* [WHAT IS NEEDED]:
Look below for the line containing "C T \<longleftrightarrow>"; from there, print each line exactly up to and including the line containing "unbiasedness of the", and stop.

(Dataset entries)
[Start of Attachment]

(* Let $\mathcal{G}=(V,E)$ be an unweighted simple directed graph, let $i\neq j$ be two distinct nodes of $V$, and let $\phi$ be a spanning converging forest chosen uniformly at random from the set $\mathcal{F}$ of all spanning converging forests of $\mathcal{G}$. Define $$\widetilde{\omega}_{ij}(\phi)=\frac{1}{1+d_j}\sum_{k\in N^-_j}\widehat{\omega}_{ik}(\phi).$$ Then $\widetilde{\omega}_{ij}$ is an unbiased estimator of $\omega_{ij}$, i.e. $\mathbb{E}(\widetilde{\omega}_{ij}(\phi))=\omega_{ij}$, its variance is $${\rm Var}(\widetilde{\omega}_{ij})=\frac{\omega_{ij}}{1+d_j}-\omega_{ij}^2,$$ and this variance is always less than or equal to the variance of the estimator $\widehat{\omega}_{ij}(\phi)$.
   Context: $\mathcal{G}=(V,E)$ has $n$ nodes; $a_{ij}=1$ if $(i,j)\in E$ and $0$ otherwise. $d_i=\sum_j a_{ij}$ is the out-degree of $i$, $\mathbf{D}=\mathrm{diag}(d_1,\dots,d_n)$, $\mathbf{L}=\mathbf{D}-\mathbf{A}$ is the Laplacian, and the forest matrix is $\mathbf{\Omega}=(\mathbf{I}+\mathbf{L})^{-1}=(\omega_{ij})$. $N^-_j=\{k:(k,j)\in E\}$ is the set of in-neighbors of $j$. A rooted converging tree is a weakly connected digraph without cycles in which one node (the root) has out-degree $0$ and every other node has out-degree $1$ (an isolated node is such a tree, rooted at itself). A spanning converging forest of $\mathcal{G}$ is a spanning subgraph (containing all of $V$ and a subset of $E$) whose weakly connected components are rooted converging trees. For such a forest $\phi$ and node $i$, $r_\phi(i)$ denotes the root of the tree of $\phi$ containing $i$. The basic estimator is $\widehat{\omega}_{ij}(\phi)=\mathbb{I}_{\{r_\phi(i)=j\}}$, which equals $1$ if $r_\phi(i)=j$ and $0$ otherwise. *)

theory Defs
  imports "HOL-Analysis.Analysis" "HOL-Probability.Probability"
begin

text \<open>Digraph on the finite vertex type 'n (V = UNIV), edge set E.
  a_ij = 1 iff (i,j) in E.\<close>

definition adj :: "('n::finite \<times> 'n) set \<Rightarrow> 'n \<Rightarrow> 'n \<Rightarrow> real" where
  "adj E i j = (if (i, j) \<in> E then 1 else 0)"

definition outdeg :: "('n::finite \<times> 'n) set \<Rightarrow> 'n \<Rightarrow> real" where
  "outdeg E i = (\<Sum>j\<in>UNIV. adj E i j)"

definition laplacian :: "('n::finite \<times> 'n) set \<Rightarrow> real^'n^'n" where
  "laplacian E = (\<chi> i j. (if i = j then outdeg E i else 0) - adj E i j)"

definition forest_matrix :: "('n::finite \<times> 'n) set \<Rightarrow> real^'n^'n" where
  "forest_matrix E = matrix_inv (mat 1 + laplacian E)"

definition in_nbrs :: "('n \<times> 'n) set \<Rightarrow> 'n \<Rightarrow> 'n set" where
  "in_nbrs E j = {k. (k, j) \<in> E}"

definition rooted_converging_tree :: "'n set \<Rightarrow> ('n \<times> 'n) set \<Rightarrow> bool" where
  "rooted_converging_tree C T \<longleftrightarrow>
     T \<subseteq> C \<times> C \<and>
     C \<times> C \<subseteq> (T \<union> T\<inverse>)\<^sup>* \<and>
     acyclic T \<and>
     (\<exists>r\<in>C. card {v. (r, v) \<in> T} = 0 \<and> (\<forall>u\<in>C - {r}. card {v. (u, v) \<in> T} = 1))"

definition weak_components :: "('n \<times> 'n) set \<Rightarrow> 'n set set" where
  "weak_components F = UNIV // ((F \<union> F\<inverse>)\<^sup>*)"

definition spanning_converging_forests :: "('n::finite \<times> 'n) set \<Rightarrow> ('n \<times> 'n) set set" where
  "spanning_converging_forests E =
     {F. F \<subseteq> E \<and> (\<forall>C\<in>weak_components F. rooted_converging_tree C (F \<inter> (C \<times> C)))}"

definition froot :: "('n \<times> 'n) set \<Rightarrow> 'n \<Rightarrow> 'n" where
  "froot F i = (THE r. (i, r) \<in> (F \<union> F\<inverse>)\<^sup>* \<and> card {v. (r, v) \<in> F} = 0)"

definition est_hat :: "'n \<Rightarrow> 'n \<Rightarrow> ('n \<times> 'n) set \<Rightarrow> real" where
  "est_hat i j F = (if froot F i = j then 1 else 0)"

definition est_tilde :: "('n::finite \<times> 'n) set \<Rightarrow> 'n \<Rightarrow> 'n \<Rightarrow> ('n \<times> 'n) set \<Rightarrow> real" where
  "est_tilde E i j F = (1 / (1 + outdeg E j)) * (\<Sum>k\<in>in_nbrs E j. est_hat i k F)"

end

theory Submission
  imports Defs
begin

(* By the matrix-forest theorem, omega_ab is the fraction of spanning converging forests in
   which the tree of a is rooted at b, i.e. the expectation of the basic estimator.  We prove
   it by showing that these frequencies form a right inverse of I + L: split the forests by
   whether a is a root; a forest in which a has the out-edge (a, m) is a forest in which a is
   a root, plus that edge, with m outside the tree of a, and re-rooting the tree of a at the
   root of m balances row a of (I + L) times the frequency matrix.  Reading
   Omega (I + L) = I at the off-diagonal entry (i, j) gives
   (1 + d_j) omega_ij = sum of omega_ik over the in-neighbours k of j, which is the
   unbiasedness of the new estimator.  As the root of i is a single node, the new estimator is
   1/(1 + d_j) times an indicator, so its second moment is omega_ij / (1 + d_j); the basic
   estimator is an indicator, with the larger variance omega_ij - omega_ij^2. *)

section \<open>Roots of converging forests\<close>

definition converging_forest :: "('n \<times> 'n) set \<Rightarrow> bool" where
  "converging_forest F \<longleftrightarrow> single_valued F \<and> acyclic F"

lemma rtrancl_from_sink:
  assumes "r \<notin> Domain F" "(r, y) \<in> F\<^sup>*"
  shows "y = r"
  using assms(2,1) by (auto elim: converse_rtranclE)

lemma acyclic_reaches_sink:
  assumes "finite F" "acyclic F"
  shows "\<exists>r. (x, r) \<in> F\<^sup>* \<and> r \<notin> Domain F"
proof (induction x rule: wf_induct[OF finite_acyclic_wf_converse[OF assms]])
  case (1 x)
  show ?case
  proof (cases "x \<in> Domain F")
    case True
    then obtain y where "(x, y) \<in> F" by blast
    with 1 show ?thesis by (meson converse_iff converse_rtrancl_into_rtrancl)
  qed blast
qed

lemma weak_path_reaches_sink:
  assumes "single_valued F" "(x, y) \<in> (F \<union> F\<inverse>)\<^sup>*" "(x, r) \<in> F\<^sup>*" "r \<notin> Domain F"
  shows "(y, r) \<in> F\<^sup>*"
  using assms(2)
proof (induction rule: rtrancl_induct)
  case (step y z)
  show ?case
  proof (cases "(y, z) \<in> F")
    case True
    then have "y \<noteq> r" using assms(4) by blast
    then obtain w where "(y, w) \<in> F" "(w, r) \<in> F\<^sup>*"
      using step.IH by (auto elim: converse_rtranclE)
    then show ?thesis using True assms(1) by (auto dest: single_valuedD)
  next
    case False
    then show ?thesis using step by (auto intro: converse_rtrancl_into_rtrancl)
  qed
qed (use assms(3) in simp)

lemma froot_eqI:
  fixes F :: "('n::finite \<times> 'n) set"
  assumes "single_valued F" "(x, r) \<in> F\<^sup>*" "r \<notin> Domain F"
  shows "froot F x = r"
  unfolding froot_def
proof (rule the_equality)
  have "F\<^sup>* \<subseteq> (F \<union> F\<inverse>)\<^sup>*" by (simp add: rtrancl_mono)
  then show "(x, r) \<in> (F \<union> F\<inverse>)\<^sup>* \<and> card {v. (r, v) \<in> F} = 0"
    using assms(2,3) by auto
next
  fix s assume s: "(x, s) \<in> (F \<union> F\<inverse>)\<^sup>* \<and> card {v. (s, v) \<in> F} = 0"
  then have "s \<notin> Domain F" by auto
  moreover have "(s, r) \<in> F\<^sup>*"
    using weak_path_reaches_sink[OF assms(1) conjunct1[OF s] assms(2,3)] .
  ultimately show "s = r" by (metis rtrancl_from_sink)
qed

[End of Attachment]
[Start of Attachment]

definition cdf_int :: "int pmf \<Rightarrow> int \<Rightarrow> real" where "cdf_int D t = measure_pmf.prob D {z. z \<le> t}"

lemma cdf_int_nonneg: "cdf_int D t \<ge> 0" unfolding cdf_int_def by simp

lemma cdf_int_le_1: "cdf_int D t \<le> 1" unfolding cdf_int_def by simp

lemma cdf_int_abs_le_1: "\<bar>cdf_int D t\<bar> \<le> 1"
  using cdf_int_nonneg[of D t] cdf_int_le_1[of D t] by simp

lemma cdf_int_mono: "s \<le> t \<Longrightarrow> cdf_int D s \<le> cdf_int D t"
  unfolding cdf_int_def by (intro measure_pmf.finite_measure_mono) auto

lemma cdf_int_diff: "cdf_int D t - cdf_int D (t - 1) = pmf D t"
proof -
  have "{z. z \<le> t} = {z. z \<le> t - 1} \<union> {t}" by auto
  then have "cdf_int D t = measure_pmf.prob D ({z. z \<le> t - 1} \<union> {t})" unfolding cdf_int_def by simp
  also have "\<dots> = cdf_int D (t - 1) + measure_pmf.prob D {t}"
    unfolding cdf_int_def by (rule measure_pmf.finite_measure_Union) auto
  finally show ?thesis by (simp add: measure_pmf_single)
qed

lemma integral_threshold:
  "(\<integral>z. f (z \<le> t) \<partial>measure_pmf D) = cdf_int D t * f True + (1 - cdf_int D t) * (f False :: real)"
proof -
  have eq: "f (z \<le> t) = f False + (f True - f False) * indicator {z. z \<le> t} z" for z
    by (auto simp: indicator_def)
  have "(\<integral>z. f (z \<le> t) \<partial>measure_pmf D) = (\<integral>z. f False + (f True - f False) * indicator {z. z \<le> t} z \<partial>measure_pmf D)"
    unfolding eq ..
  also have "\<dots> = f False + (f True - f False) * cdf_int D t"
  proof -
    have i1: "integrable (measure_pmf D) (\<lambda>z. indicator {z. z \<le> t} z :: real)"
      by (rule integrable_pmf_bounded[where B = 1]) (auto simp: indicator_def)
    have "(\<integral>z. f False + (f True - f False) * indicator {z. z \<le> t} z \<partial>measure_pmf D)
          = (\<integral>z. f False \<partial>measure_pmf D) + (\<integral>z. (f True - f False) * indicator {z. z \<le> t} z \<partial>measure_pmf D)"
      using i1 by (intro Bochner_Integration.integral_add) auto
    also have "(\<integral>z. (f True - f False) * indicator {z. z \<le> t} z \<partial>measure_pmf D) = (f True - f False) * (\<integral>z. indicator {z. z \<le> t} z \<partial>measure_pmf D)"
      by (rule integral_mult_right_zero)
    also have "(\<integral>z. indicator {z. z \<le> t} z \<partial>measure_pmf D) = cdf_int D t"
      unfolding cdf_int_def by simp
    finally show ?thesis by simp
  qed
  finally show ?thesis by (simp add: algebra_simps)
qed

[End of Attachment]

* [REPLY]:
  "rooted_converging_tree C T \<longleftrightarrow>
     T \<subseteq> C \<times> C \<and>
     C \<times> C \<subseteq> (T \<union> T\<inverse>)\<^sup>* \<and>
     acyclic T \<and>
     (\<exists>r\<in>C. card {v. (r, v) \<in> T} = 0 \<and> (\<forall>u\<in>C - {r}. card {v. (u, v) \<in> T} = 1))"

definition weak_components :: "('n \<times> 'n) set \<Rightarrow> 'n set set" where
  "weak_components F = UNIV // ((F \<union> F\<inverse>)\<^sup>*)"

definition spanning_converging_forests :: "('n::finite \<times> 'n) set \<Rightarrow> ('n \<times> 'n) set set" where
  "spanning_converging_forests E =
     {F. F \<subseteq> E \<and> (\<forall>C\<in>weak_components F. rooted_converging_tree C (F \<inter> (C \<times> C)))}"

definition froot :: "('n \<times> 'n) set \<Rightarrow> 'n \<Rightarrow> 'n" where
  "froot F i = (THE r. (i, r) \<in> (F \<union> F\<inverse>)\<^sup>* \<and> card {v. (r, v) \<in> F} = 0)"

definition est_hat :: "'n \<Rightarrow> 'n \<Rightarrow> ('n \<times> 'n) set \<Rightarrow> real" where
  "est_hat i j F = (if froot F i = j then 1 else 0)"

definition est_tilde :: "('n::finite \<times> 'n) set \<Rightarrow> 'n \<Rightarrow> 'n \<Rightarrow> ('n \<times> 'n) set \<Rightarrow> real" where
  "est_tilde E i j F = (1 / (1 + outdeg E j)) * (\<Sum>k\<in>in_nbrs E j. est_hat i k F)"

end

theory Submission
  imports Defs
begin

(* By the matrix-forest theorem, omega_ab is the fraction of spanning converging forests in
   which the tree of a is rooted at b, i.e. the expectation of the basic estimator.  We prove
   it by showing that these frequencies form a right inverse of I + L: split the forests by
   whether a is a root; a forest in which a has the out-edge (a, m) is a forest in which a is
   a root, plus that edge, with m outside the tree of a, and re-rooting the tree of a at the
   root of m balances row a of (I + L) times the frequency matrix.  Reading
   Omega (I + L) = I at the off-diagonal entry (i, j) gives
   (1 + d_j) omega_ij = sum of omega_ik over the in-neighbours k of j, which is the
   unbiasedness of the new estimator.  As the root of i is a single node, the new estimator is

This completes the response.